Best Logistics, a Chinese logistics company backed by Alibaba Group Holding Ltd. (BABA) and that also counts Foxconn as investor, is gearing up to go public in the U.S., aiming to raise roughly $1 billion.

According to a report in The Wall Street Journal, citing people familiar with the situation, Best Logistics is hiring investment banks to help take it public with an IPO expected in September or October at the very earliest. The IPO could turn out to be one of the biggest of a Chinese company to go public in the U.S. this year. The paper noted it’s not clear as of yet what exchange Best Logistics will be listed on. Best Logistics had a market value of more than $3 billion last year after it was able to raise $760 million from a slew of new investors. Alibaba’s Cainiao Network is also an investor in Best Logistics.

Leveling Up to Amazon

Alibaba, which is a leading ecommerce giant but isn’t a major player in shipping and logistics, as Inc. (AMZN) is aiming to be, invested in Best Logistics multiple times since 2009 and has acquired around 22% of Best Logistics shares for $256 million. Cainiao Network has invested $165 million for a roughly 5% stake, reported the WSJ. (See also: Alibaba Invests In Best Logistics.)

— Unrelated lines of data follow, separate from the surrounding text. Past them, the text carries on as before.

(* For every abstract storage device $D$, $\sigma(D)\le i(D)\cdot C(D)$.
   Context: An abstract storage device (ASD) is a pair $D=(\mathcal{S}_D,\mathcal{P}_D)$, $\mathcal{S}_D$ a finite set and $\mathcal{P}_D$ a finite family of partitions of $\mathcal{S}_D$. For a partition $\pi$ of $\mathcal{S}'$ and $\phi:\mathcal{S}\to\mathcal{S}'$, $\pi\circ\phi$ is the partition of $\mathcal{S}$ with $x,y$ in the same block iff $\phi(x),\phi(y)$ are in the same block of $\pi$; $\pi\preceq\rho$ means every block of $\pi$ lies in a block of $\rho$; $\wedge$ is the meet of partitions. $D\le D'$ means there exist $\phi:\mathcal{S}_D\to\mathcal{S}_{D'}$, $\alpha:\mathcal{P}_D\to\mathcal{P}_{D'}$ with $\alpha(\pi)\circ\phi\preceq\pi$ for all $\pi\in\mathcal{P}_D$; $D\equiv D'$ means $D\le D'$ and $D'\le D$. $C_m$ is the ASD with state space $\{1,\dots,m\}$ and partition set $\{\{\{1\},\dots,\{m\}\}\}$. Storage capacity: $C(D)=\max\{\log m: C_m\le D\}$ (log base 2). State complexity: $\sigma(D)=\min_{E\equiv D}\log|\mathcal{S}_E|$. $D$ is perfect if $\{\{s\}:s\in\mathcal{S}_D\}\in\mathcal{P}_D$; $D^{(k)}$ has state space $\mathcal{S}_D$ and partition set $\{\pi_1\wedge\cdots\wedge\pi_k:\pi_i\in\mathcal{P}_D\}$; the perfectness index $i(D)$ is the least $k\ge1$ with $D^{(k)}$ perfect, or $\infty$ if none exists. *)

theory Defs
  imports "HOL-Library.Disjoint_Sets" "HOL-Library.Extended_Real"
begin

text \<open>An abstract storage device: a state space together with a family of partitions of it.
  A partition is represented as its set of blocks.\<close>

type_synonym 's asd = "'s set \<times> 's set set set"

definition states :: "'s asd \<Rightarrow> 's set" where "states D = fst D"
definition parts :: "'s asd \<Rightarrow> 's set set set" where "parts D = snd D"

definition is_asd :: "'s asd \<Rightarrow> bool" where
  "is_asd D \<longleftrightarrow> finite (states D) \<and> finite (parts D) \<and>
     (\<forall>\<pi>\<in>parts D. partition_on (states D) \<pi>)"

definition pullback :: "'a set \<Rightarrow> ('a \<Rightarrow> 'b) \<Rightarrow> 'b set set \<Rightarrow> 'a set set" where
  "pullback S \<phi> \<pi> = (\<lambda>B. {x\<in>S. \<phi> x \<in> B}) ` \<pi> - {{}}"

definition refines :: "'a set set \<Rightarrow> 'a set set \<Rightarrow> bool" (infix "\<preceq>\<^sub>P" 50) where
  "\<pi> \<preceq>\<^sub>P \<rho> \<longleftrightarrow> (\<forall>B\<in>\<pi>. \<exists>B'\<in>\<rho>. B \<subseteq> B')"

definition meet :: "'a set set \<Rightarrow> 'a set set \<Rightarrow> 'a set set" where
  "meet \<pi> \<rho> = {B \<inter> B' | B B'. B \<in> \<pi> \<and> B' \<in> \<rho>} - {{}}"

definition asd_le :: "'s asd \<Rightarrow> 't asd \<Rightarrow> bool" where
  "asd_le D D' \<longleftrightarrow> (\<exists>\<phi> \<alpha>. \<phi> \<in> states D \<rightarrow> states D' \<and>
     (\<forall>\<pi>\<in>parts D. \<alpha> \<pi> \<in> parts D' \<and> pullback (states D) \<phi> (\<alpha> \<pi>) \<preceq>\<^sub>P \<pi>))"

definition asd_equiv :: "'s asd \<Rightarrow> 't asd \<Rightarrow> bool" where
  "asd_equiv D D' \<longleftrightarrow> asd_le D D' \<and> asd_le D' D"

definition Cdev :: "nat \<Rightarrow> nat asd" where
  "Cdev m = ({1..m}, {(\<lambda>i. {i}) ` {1..m}})"

definition capacity :: "'s asd \<Rightarrow> real" where
  "capacity D = Max {log 2 (real m) | m. m \<ge> 1 \<and> asd_le (Cdev m) D}"

text \<open>State complexity; competitor devices range over devices with states in \<open>nat\<close>
  (every finite state space can be relabelled into \<open>nat\<close>).\<close>
definition state_complexity :: "'s asd \<Rightarrow> real" where
  "state_complexity D =
     Inf {log 2 (real (card (states E))) | E :: nat asd. is_asd E \<and> asd_equiv E D}"
(* Fix $P_L$ to be either the Alexander polynomial of $L$ for every link $L$, or the Jones polynomial of $L$ for every link $L$. For integers $t,n$, the set $X'_{t,n}$ equals the set of all isotopy classes of links $L$ of braid index three such that $e(L)=n$ and $P_L(-1)=i^n(t-2)$.
   Context: $B_3=\langle\sigma_1,\sigma_2:\sigma_1\sigma_2\sigma_1=\sigma_2\sigma_1\sigma_2\rangle$; $\phi:B_3\to\mathrm{SL}_2(\mathbb{Z})$ is given by $\phi(\sigma_1)=\begin{bmatrix}1&1\\0&1\end{bmatrix}$, $\phi(\sigma_2)=\begin{bmatrix}1&0\\-1&1\end{bmatrix}$; $\epsilon:B_3\to\mathbb{Z}$ is the exponent sum. For a link $L$ of braid index three, $e(L)$ is the writhe of the closure diagram of any $g\in B_3$ with closure $L$ (i.e. $\epsilon(g)$), which depends only on $L$. $X'_{t,n}$ is the set of isotopy classes of links $L$ of braid index three such that $e(L)=n$ and $i^{\epsilon(g)}(\mathrm{tr}(\phi(g))-2)=i^n(t-2)$ for a (equivalently any) $g\in B_3$ with closure $L$; here $i=\sqrt{-1}$. The Alexander polynomial $\Delta_L$ and Jones polynomial $V_L$ are normalized as in Jones (Ann. of Math. 1987): with $\beta_3$ the reduced Burau representation $\beta_3(\sigma_1)=\begin{bmatrix}1&-q\\0&-q\end{bmatrix}$, $\beta_3(\sigma_2)=\begin{bmatrix}-q&0\\-1&1\end{bmatrix}$, the closure $\overline g$ of $g\in B_3$ satisfies $\Delta_{\overline g}(q)=\left(-\tfrac{1}{\sqrt q}\right)^{\epsilon(g)-2}\frac{1-\mathrm{tr}(\beta_3(g))+(-q)^{\epsilon(g)}}{1+q+q^2}$ and $V_{\overline g}(q)=\sqrt{q}^{\,\epsilon(g)}\left(q+q^{-1}+\mathrm{tr}(\beta_3(g))\right)$; $P_L(-1)$ denotes evaluation at $q=-1$ with $\sqrt q=i$. *)

theory Defs
  imports "HOL-Analysis.Analysis"
begin

text \<open>Braid words in B_3: letters are (generator, sign); True = sigma_i, False = sigma_i^-1.
  Every element of B_3 is represented by such a word; all invariants below are
  defined letter-wise via group homomorphisms, hence depend only on the group element.\<close>

datatype gen = S1 | S2

type_synonym bword = "(gen \<times> bool) list"

definition mat2 :: "'a \<Rightarrow> 'a \<Rightarrow> 'a \<Rightarrow> 'a \<Rightarrow> 'a::zero^2^2" where
  "mat2 a b c d = vector [vector [a, b], vector [c, d]]"

definition tr2 :: "'a::comm_ring_1^2^2 \<Rightarrow> 'a" where
  "tr2 A = A$1$1 + A$2$2"

definition eps :: "bword \<Rightarrow> int" where
  "eps w = sum_list (map (\<lambda>(_, b). if b then 1 else -1) w)"

fun phi_letter :: "gen \<times> bool \<Rightarrow> complex^2^2" where
  "phi_letter (S1, True) = mat2 1 1 0 1"
| "phi_letter (S1, False) = mat2 1 (-1) 0 1"
| "phi_letter (S2, True) = mat2 1 0 (-1) 1"
| "phi_letter (S2, False) = mat2 1 0 1 1"

definition phi :: "bword \<Rightarrow> complex^2^2" where
  "phi w = foldr (\<lambda>l M. phi_letter l ** M) w (mat 1)"

fun burau_letter :: "complex \<Rightarrow> gen \<times> bool \<Rightarrow> complex^2^2" where
  "burau_letter q (S1, True) = mat2 1 (-q) 0 (-q)"
| "burau_letter q (S1, False) = mat2 1 (-1) 0 (-1/q)"
| "burau_letter q (S2, True) = mat2 (-q) 0 (-1) 1"
| "burau_letter q (S2, False) = mat2 (-1/q) 0 (-1/q) 1"

definition burau :: "complex \<Rightarrow> bword \<Rightarrow> complex^2^2" where
  "burau q w = foldr (\<lambda>l M. burau_letter q l ** M) w (mat 1)"

text \<open>Alexander and Jones polynomials of the closure of w, evaluated at q with
  the chosen square root s of q (Jones' normalization).\<close>
definition alexander_at :: "bword \<Rightarrow> complex \<Rightarrow> complex \<Rightarrow> complex" where
  "alexander_at w q s = (- 1 / s) powi (eps w - 2) *
     ((1 - tr2 (burau q w) + (- q) powi eps w) / (1 + q + q^2))"

definition jones_at :: "bword \<Rightarrow> complex \<Rightarrow> complex \<Rightarrow> complex" where
  "jones_at w q s = s powi eps w * (q + inverse q + tr2 (burau q w))"

definition Xprime :: "int \<Rightarrow> int \<Rightarrow> bword set" where
  "Xprime t n = {w. eps w = n \<and>
     \<i> powi eps w * (tr2 (phi w) - 2) = \<i> powi n * (of_int t - 2)}"

end

theory Submission
  imports Defs
begin

text \<open>At \<open>q = -1\<close> the reduced Burau matrices of the generators specialise to their
  images under \<open>\<phi>\<close>, so \<open>tr \<beta>\<^sub>3(g) = tr \<phi>(g)\<close>. With \<open>\<surd>q = \<i>\<close>, \<open>1 + q + q\<^sup>2 = 1\<close> and
  \<open>(-q)\<^bsup>\<epsilon>\<^esup> = 1\<close>, both the Alexander and the Jones polynomial of the closure of \<open>g\<close>
  evaluate at \<open>-1\<close> to \<open>\<i>\<^bsup>\<epsilon>(g)\<^esup> (tr \<phi>(g) - 2)\<close>, which is the quantity defining \<open>X'\<^sub>t\<^sub>,\<^sub>n\<close>.\<close>

lemma burau_letter_minus_one: "burau_letter (-1) l = phi_letter l"
  by (cases l rule: phi_letter.cases) auto

lemma burau_minus_one: "burau (-1) w = phi w"
  unfolding burau_def phi_def by (simp add: burau_letter_minus_one)

lemma imaginary_unit_powi_minus_two: "\<i> powi (e - 2) = - (\<i> powi e)"
proof -
  have "\<i> powi (e - 2) = \<i> powi e / \<i> powi 2"
    by (simp add: power_int_diff)
  also have "\<i> powi 2 = -1"
    by (simp add: power_int_def)
  finally show ?thesis
    by simp
qed

lemma alexander_at_minus_one: "alexander_at w (-1) \<i> = \<i> powi eps w * (tr2 (phi w) - 2)"
proof -
  have sqrt_factor: "- 1 / \<i> = \<i>"
    by (simp add: field_simps)
  have sign_factor: "(- (-1)) powi e = (1::complex)" for e
    by simp
  show ?thesis
    unfolding alexander_at_def burau_minus_one sqrt_factor sign_factor
      imaginary_unit_powi_minus_two
    by (simp add: algebra_simps)
qed

lemma jones_at_minus_one: "jones_at w (-1) \<i> = \<i> powi eps w * (tr2 (phi w) - 2)"
  unfolding jones_at_def burau_minus_one by (simp add: algebra_simps)

theorem lemma5p1:
  fixes t n :: int
  shows "Xprime t n = {w. eps w = n \<and> alexander_at w (-1) \<i> = \<i> powi n * (of_int t - 2)}
       \<and> Xprime t n = {w. eps w = n \<and> jones_at w (-1) \<i> = \<i> powi n * (of_int t - 2)}"
  unfolding Xprime_def alexander_at_minus_one jones_at_minus_one by simp

end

The potential IPO of Best Logistics comes at a time when shipping competition is heating up in China as Amazon enters the market. According to a recent report in the Financial Times, Amazon is taking aim at the global logistics industry in China, which is valued at $8 billion, by expanding a program in China in which wholesalers can use Amazon to ship their products around the globe via sea, land and air. Dubbed Amazon Logistics+, the service has been expanding over the course of the past few months and now includes cross-border air transport, packaging, warehousing, customs and handling services. That offering will not only pressure the likes of UPS, FedEx and DHL but also Alibaba. Alibaba already facilitates cross-border sales via its wholesale marketplace, but it doesn’t control the logistics as Amazon is starting to do.

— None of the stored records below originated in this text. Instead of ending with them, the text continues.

lemma levy_set_if_shear_inv_approx:
  assumes F: "smooth_convex_cdf F" and "0 \<le> \<delta>" and approx: "\<And>u. \<bar>Y u - shear_inv F u\<bar> \<le> \<delta>"
  shows "\<delta> \<in> levy_set F (\<lambda>v. Sup {u. Y u \<le> v} - v)"
  unfolding levy_set_def
proof (intro CollectI conjI allI \<open>0 \<le> \<delta>\<close>)
  fix v
  define S where "S = {u. Y u \<le> v}"
  have lower: "shear F (v - \<delta>) \<in> S"
    using approx[of "shear F (v - \<delta>)"] unfolding S_def by (simp add: F abs_le_iff)
  have upper: "u \<le> shear F (v + \<delta>)" if "u \<in> S" for u
    using approx[of u] that unfolding S_def by (simp add: shear_inv_le_iff[OF F, symmetric] abs_le_iff)
  have "shear F (v - \<delta>) \<le> Sup S"
    using lower upper by (intro cSup_upper bdd_aboveI) auto
  moreover have "Sup S \<le> shear F (v + \<delta>)"
    using lower upper by (intro cSup_least) auto
  ultimately show "F (v - \<delta>) - \<delta> \<le> Sup {u. Y u \<le> v} - v" "Sup {u. Y u \<le> v} - v \<le> F (v + \<delta>) + \<delta>"
    unfolding S_def shear_def by simp_all
qed

lemma levy_dist_le:
  assumes "\<delta> \<in> levy_set F G"
  shows "levy_dist F G \<le> \<delta>"
  unfolding levy_dist_def
  using assms by (intro cInf_lower) (auto simp: levy_set_def bdd_below_def)

section \<open>Noisy bisection\<close>

text \<open>An answer a \<approx> F m at the midpoint m of the current interval decides whether
  u \<le> shear F m, i.e. on which side of m the point shear_inv F u lies.\<close>
definition bisect_step :: "real \<Rightarrow> real \<times> real \<Rightarrow> real \<Rightarrow> real \<times> real" where
  "bisect_step u I a = (let m = (fst I + snd I) / 2 in if u \<le> m + a then (fst I, m) else (m, snd I))"

definition bisect :: "real \<Rightarrow> real list \<Rightarrow> real \<times> real" where
  "bisect u = foldl (bisect_step u) (0, 1)"

definition bisect_query :: "real \<Rightarrow> real list \<Rightarrow> real" where
  "bisect_query u as = (fst (bisect u as) + snd (bisect u as)) / 2"

lemma bisect_snoc: "bisect u (as @ [a]) = bisect_step u (bisect u as) a"
  unfolding bisect_def by simp

lemma perturbed_answersD:
  assumes "perturbed_answers eps F n q as"
  shows "length as = n"
    and "i < n \<Longrightarrow> \<exists>e1 e2. \<bar>e1\<bar> \<le> eps\<^sup>2 / 2 \<and> \<bar>e2\<bar> \<le> eps \<and> as ! i = F (q (take i as) + e1) + e2"
  using assms unfolding perturbed_answers_def by auto

context
  fixes F :: "real \<Rightarrow> real"
  assumes F: "smooth_convex_cdf F"
begin

lemma noisy_comparison:
  assumes e: "\<bar>e1\<bar> \<le> eps\<^sup>2 / 2" "\<bar>e2\<bar> \<le> eps" and a: "a = F (m + e1) + e2"
  shows "u \<le> m + a \<Longrightarrow> shear_inv F u \<le> m + (eps + eps\<^sup>2)"
    and "m + a < u \<Longrightarrow> m - (eps + eps\<^sup>2) \<le> shear_inv F u"
proof -
  define g where "g = eps\<^sup>2 / 2 + eps"
  have g: "0 \<le> g" "\<bar>e1\<bar> + \<bar>e2\<bar> \<le> g" "\<bar>e1\<bar> + g \<le> eps + eps\<^sup>2" using e unfolding g_def by auto
  have shear_q: "shear F (m + e1) = m + a + e1 - e2" unfolding shear_def a by simp
  show "shear_inv F u \<le> m + (eps + eps\<^sup>2)" if "u \<le> m + a"
  proof -
    have "u - g \<le> shear F (m + e1)" using shear_q that g by linarith
    then have "shear_inv F (u - g) \<le> m + e1" by (simp add: shear_inv_le_iff[OF F])
    moreover have "shear_inv F u - shear_inv F (u - g) \<le> g" using shear_inv_diff_le[OF F, of "u - g" u] g by simp
    ultimately show ?thesis using g by linarith
  qed
  show "m - (eps + eps\<^sup>2) \<le> shear_inv F u" if "m + a < u"
  proof -
    have "shear F (m + e1) \<le> u + g" using shear_q that g by linarith
    then have "m + e1 \<le> shear_inv F (u + g)" by (simp add: le_shear_inv_iff[OF F])
    moreover have "shear_inv F (u + g) - shear_inv F u \<le> g" using shear_inv_diff_le[OF F, of u "u + g"] g by simp
    ultimately show ?thesis using g by linarith
  qed
qed

lemma bisect_invariant:
  assumes ans: "perturbed_answers eps F n (bisect_query u) as" and u: "0 \<le> u" "u \<le> 2" and "0 \<le> eps"
    and "s \<le> n"
  shows "snd (bisect u (take s as)) - fst (bisect u (take s as)) = 1 / 2 ^ s \<and>
    shear_inv F u \<le> snd (bisect u (take s as)) + (eps + eps\<^sup>2) \<and>
    fst (bisect u (take s as)) - (eps + eps\<^sup>2) \<le> shear_inv F u"
  using \<open>s \<le> n\<close>
proof (induction s)
  case 0
  have "0 \<le> eps + eps\<^sup>2" using \<open>0 \<le> eps\<close> by simp
  then show ?case using shear_inv_bounds[OF F u] by (simp add: bisect_def)
next
  case (Suc s)
  obtain e1 e2 where e: "\<bar>e1\<bar> \<le> eps\<^sup>2 / 2" "\<bar>e2\<bar> \<le> eps"
    and a: "as ! s = F (bisect_query u (take s as) + e1) + e2"
    using perturbed_answersD(2)[OF ans, of s] Suc.prems by auto
  define lo hi where "lo = fst (bisect u (take s as))" and "hi = snd (bisect u (take s as))"
  have take_Suc: "take (Suc s) as = take s as @ [as ! s]"
    using perturbed_answersD(1)[OF ans] Suc.prems by (simp add: take_Suc_conv_app_nth)
  have step: "bisect u (take (Suc s) as) =
      (if u \<le> (lo + hi) / 2 + as ! s then (lo, (lo + hi) / 2) else ((lo + hi) / 2, hi))"
    unfolding take_Suc bisect_snoc bisect_step_def lo_def hi_def by simp
  have "bisect_query u (take s as) = (lo + hi) / 2" unfolding bisect_query_def lo_def hi_def ..
  note cmp = noisy_comparison[OF e a[unfolded this]]
  show ?case
    using Suc.IH Suc.prems cmp unfolding step lo_def[symmetric] hi_def[symmetric]
    by (auto simp: field_simps)
qed

lemma bisect_error:
  assumes ans: "perturbed_answers eps F n (bisect_query u) as" and u: "0 \<le> u" "u \<le> 2"
    and eps: "0 < eps" "eps < 1" and n: "1 / eps \<le> 2 ^ n"
  shows "\<bar>fst (bisect u as) - shear_inv F u\<bar> \<le> 3 * eps"
proof -
  have "take n as = as" using perturbed_answersD(1)[OF ans] by simp
  then have inv: "snd (bisect u as) - fst (bisect u as) = 1 / 2 ^ n"
      "shear_inv F u \<le> snd (bisect u as) + (eps + eps\<^sup>2)"
      "fst (bisect u as) - (eps + eps\<^sup>2) \<le> shear_inv F u"
    using bisect_invariant[OF ans u, of n] eps by simp_all
  have "1 / 2 ^ n \<le> eps" using n eps by (simp add: field_simps)
  moreover have "eps\<^sup>2 \<le> eps" using eps by (simp add: power2_eq_square)
  ultimately show ?thesis using inv by (simp add: abs_le_iff)
qed

end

Alibaba lack of ownership of shipping infrastructure could put pressure on its business if Amazon’s service resonates with wholesalers in China. The report noted that Amazon’s push into China’s logistics is similar to how it started out with its Amazon Web Services (AWS), the cloud computing business it rolled out in 2006. While it wasn’t a big business for Amazon when it launched, it now accounts for $12 billion in revenue each year for Amazon.